In these cases, a business can still mitigate its e-discovery risks through pre-litigation planning such as:
- Data Maps — Assess and document what cloud computing providers and services the business is using and what types of data are being stored in the cloud and by whom
- Litigation Hold Procedure — Prepare a legal hold process that accounts for the use of public clouds by the business and its employees
- Cross-Functional Team — Form an integrated team of personnel from legal, IT, compliance, information security, HR and records that is familiar with what cloud computing services the business is using and can address the business’s e-discovery obligations
- Outside E-Discovery Counsel — Consider having designated outside e-discovery counsel who has experience collecting data from the cloud and can familiarize themselves with the nature and extent of the business’s public cloud computing
- Preferred Vendors — Consider maintaining a list of proven e-discovery vendors who have experience successfully collecting data from the cloud
- Cloud Computing Usage Policy — Implement a usage policy stating what types of public cloud applications employees can use for business purposes and what types of business data employees can store in the cloud
- Data Repository — Provide a site controlled by the business that employees can access remotely to help protect against employees using third-party sites to store data on their own
- Employee Training — Educate employees about the business’s usage policy and litigation hold procedure, and explain why they are important
If these e-discovery issues have not been addressed beforehand, they will need to be confronted under the pressure and time constraints of litigation.

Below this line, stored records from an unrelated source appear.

(* Let $k$, $\varphi$, $b$, $a_1,\dots,a_d$, $u_{a_i}(s)$, $\mathbf V_{\mathfrak r}(s)$, $(M,D_t)$ and $(M_\varphi,D_s)$ be as in the context. For each $i=1,\dots,d$, let $\vec Y_{a_i,1}(t),\dots,\vec Y_{a_i,\mathfrak r}(t)$ be any basis of the space of horizontal elements of $(M,D_t)$ at $a_i$. For $i\in\{1,\dots,d\}$ and $j\in\{1,\dots,\mathfrak r\}$ let $w_{i,j}(s)\in k[[s-b]]^{\mathfrak rd}$ be the vector whose entry in position $(l-1)d+i$ is the $l$-th component of $\vec Y_{a_i,j}(u_{a_i}(s))$ ($l=1,\dots,\mathfrak r$), all other entries being $0$. Then the $\mathfrak rd$ vectors $\mathbf V_{\mathfrak r}(s)\,w_{i,j}(s)$, $1\le i\le d$, $1\le j\le\mathfrak r$, form a basis of the space of horizontal elements of $(M_\varphi,D_s)$ at $b$ (written in coordinates with respect to the basis $e_1,te_1,\dots,t^{d-1}e_1,\dots,t^{d-1}e_{\mathfrak r}$).
   Context: $k$ is an algebraically closed field complete for a non-archimedean absolute value extending the $p$-adic one on $\mathbb Q_p$. ${\mathscr D}_t^\pm$ denotes the unit disc (open or closed) in coordinate $t$ with ring of analytic functions $\mathcal O_t^\pm$; $\mathcal O_t(a,r^-)$ is the ring of power series in $t-a$ converging on $|t-a|<r$. $\varphi:{\mathscr D}_t^\pm\to{\mathscr D}_s^\pm$ is a finite étale morphism of degree $d$ of unit discs (both open or both closed), $s=f(t)$, $f\in\mathcal O_t^\pm$, $f'$ invertible; $P(s,X)\in\mathcal O_s^\pm[X]$ is the unique monic degree-$d$ polynomial with $P(f(t),t)=0$. Fix $b\in{\mathscr D}_s^\pm(k)$, $\varphi^{-1}(b)=\{a_1,\dots,a_d\}$. $u_{a_i}(s)\in k[[s-b]]$ is the power series with constant term $a_i$ and $P(s,u_{a_i}(s))=0$ (positive radius of convergence). $\mathbf U(s)=(u_{a_i}(s)^{j-1})_{1\le i,j\le d}$, $\mathbf V(s)=\mathbf U(s)^{-1}$, and $\mathbf V_{\mathfrak r}(s)$ is block diagonal with $\mathfrak r$ blocks $\mathbf V(s)$. $(M,D_t)$ is a differential module of rank $\mathfrak r$: a free $\mathcal O_t^\pm$-module with $k$-linear $D_t$ satisfying $D_t(gm)=\frac{dg}{dt}m+gD_t(m)$, with fixed basis $e_1,\dots,e_{\mathfrak r}$. A horizontal element at $a\in{\mathscr D}_t^\pm(k)$ is an element of $\ker D_t$ on $M\otimes\mathcal O_t(a,r^-)$ for some $r>0$, identified with its coordinate vector in $k[[t-a]]^{\mathfrak r}$. The direct image $(M_\varphi,D_s)$ is $M$ as an $\mathcal O_s^\pm$-module via $s=f(t)$ with $D_s(m)=\frac{1}{f'(t)}D_t(m)$, with basis $e_1,te_1,\dots,t^{d-1}e_1,e_2,\dots,t^{d-1}e_{\mathfrak r}$; horizontal elements at $b$ are elements of $\ker D_s$ on $M_\varphi\otimes\mathcal O_s(b,r^-)$ for some $r>0$, identified with coordinate vectors in $k[[s-b]]^{\mathfrak rd}$. *)

theory Defs
  imports "HOL-Computational_Algebra.Formal_Power_Series"
          "HOL-Computational_Algebra.Polynomial"
          "HOL-Computational_Algebra.Primes"
begin
lemma lsc_add_continuous_attains_min:
  fixes \<phi> :: "'a::{real_normed_vector,heine_borel} \<Rightarrow> ereal" and q :: "'a \<Rightarrow> real"
  assumes pr: "proper_fun \<phi>" and ls: "lsc_fun \<phi>" and q: "continuous_on UNIV q"
    and c: "0 < c" and growth: "\<And>y. ereal (L0 + c * norm (y - a)^2) \<le> \<phi> y + ereal (q y)"
  shows "\<exists>p. \<forall>y. \<phi> p + ereal (q p) \<le> \<phi> y + ereal (q y)"
proof -
  define f where "f y = \<phi> y + ereal (q y)" for y
  define I where "I = (INF y. f y)"
  have I_le: "I \<le> f y" for y unfolding I_def by (rule INF_lower) simp
  have "ereal L0 \<le> f y" for y
    using growth[of y] c unfolding f_def by (simp add: order_trans[rotated])
  then have "ereal L0 \<le> I" unfolding I_def by (rule INF_greatest)
  moreover obtain y0 where "\<phi> y0 < \<infinity>" using pr unfolding proper_fun_def by blast
  then have "f y0 < \<infinity>" unfolding f_def by simp
  then have "I < \<infinity>" using I_le[of y0] by order
  ultimately obtain I' where I': "I = ereal I'" by (cases I) auto
  have "\<exists>y. f y < ereal (I' + inverse (real (Suc n)))" for n
  proof -
    have "I < ereal (I' + inverse (real (Suc n)))" using I' by simp
    then show ?thesis unfolding I_def by (simp add: INF_less_iff)
  qed
  then obtain Y where Y: "\<And>n. f (Y n) < ereal (I' + inverse (real (Suc n)))" by metis
  have "Y n \<in> cball a (sqrt ((I' + 1 - L0) / c))" for n
  proof -
    have "inverse (real (Suc n)) \<le> 1" by (simp add: inverse_le_1_iff)
    then have "ereal (I' + inverse (real (Suc n))) \<le> ereal (I' + 1)" by simp
    then have "ereal (L0 + c * norm (Y n - a)^2) \<le> ereal (I' + 1)"
      using growth[of "Y n"] Y[of n] unfolding f_def by order
    then have "norm (Y n - a)^2 \<le> (I' + 1 - L0) / c" using c by (simp add: field_simps)
    then show ?thesis by (simp add: dist_norm norm_minus_commute real_le_rsqrt)
  qed
  then obtain p r where p: "strict_mono r" "(Y \<circ> r) \<longlonglongrightarrow> p"
    using compact_imp_seq_compact[OF compact_cball] unfolding seq_compact_def by metis
  define u where "u n = I' + inverse (real (Suc (r n))) - q (Y (r n))" for n
  have "\<phi> (Y (r n)) \<le> ereal (u n)" for n
    using Y[of "r n"] unfolding f_def u_def by (cases "\<phi> (Y (r n))") auto
  then have "liminf (\<lambda>n. \<phi> (Y (r n))) \<le> liminf (\<lambda>n. ereal (u n))"
    by (intro Liminf_mono) auto
  moreover have "(\<lambda>n. inverse (real (Suc (r n)))) \<longlonglongrightarrow> 0"
    using LIMSEQ_subseq_LIMSEQ[OF LIMSEQ_inverse_real_of_nat p(1)] by (simp add: o_def)
  then have "u \<longlonglongrightarrow> I' + 0 - q p"
    unfolding u_def using p(2) q by (intro tendsto_intros continuous_on_tendsto_compose[OF q])
      (auto simp: o_def)
  then have "liminf (\<lambda>n. ereal (u n)) = ereal (I' - q p)"
    by (intro lim_imp_Liminf) auto
  moreover have "\<phi> p \<le> liminf (\<lambda>n. \<phi> ((Y \<circ> r) n))"
    using ls p(2) unfolding lsc_fun_def by blast
  ultimately have "\<phi> p \<le> ereal (I' - q p)" by (simp add: o_def)
  then have "f p \<le> I" unfolding f_def I' by (cases "\<phi> p") auto
  then show ?thesis using I_le unfolding f_def by (metis order_trans)
qed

An important part of addressing these issues during litigation will be to conduct thorough custodian interviews of the key players in the case and to involve IT early in the process so that litigation counsel can identify the public clouds which may have ESI that is relevant to the claims and defenses in the case. Once this information has been gathered, counsel can determine how the functionality of those clouds and the terms of the SLAs with the cloud providers may impact the business’s ability to satisfy its e-discovery obligations. Counsel can then analyze how to preserve, collect, process, review and produce relevant ESI from those clouds in a way that will comply with the discovery and evidentiary requirements of the court in which the case is pending.
In conclusion, while businesses are taking advantage of the benefits of cloud computing, they also should consider and plan for the e-discovery risks involved in entrusting their data to third-party cloud providers. Although the tips discussed above are not exhaustive of what may need to be done, they can help in addressing these risks.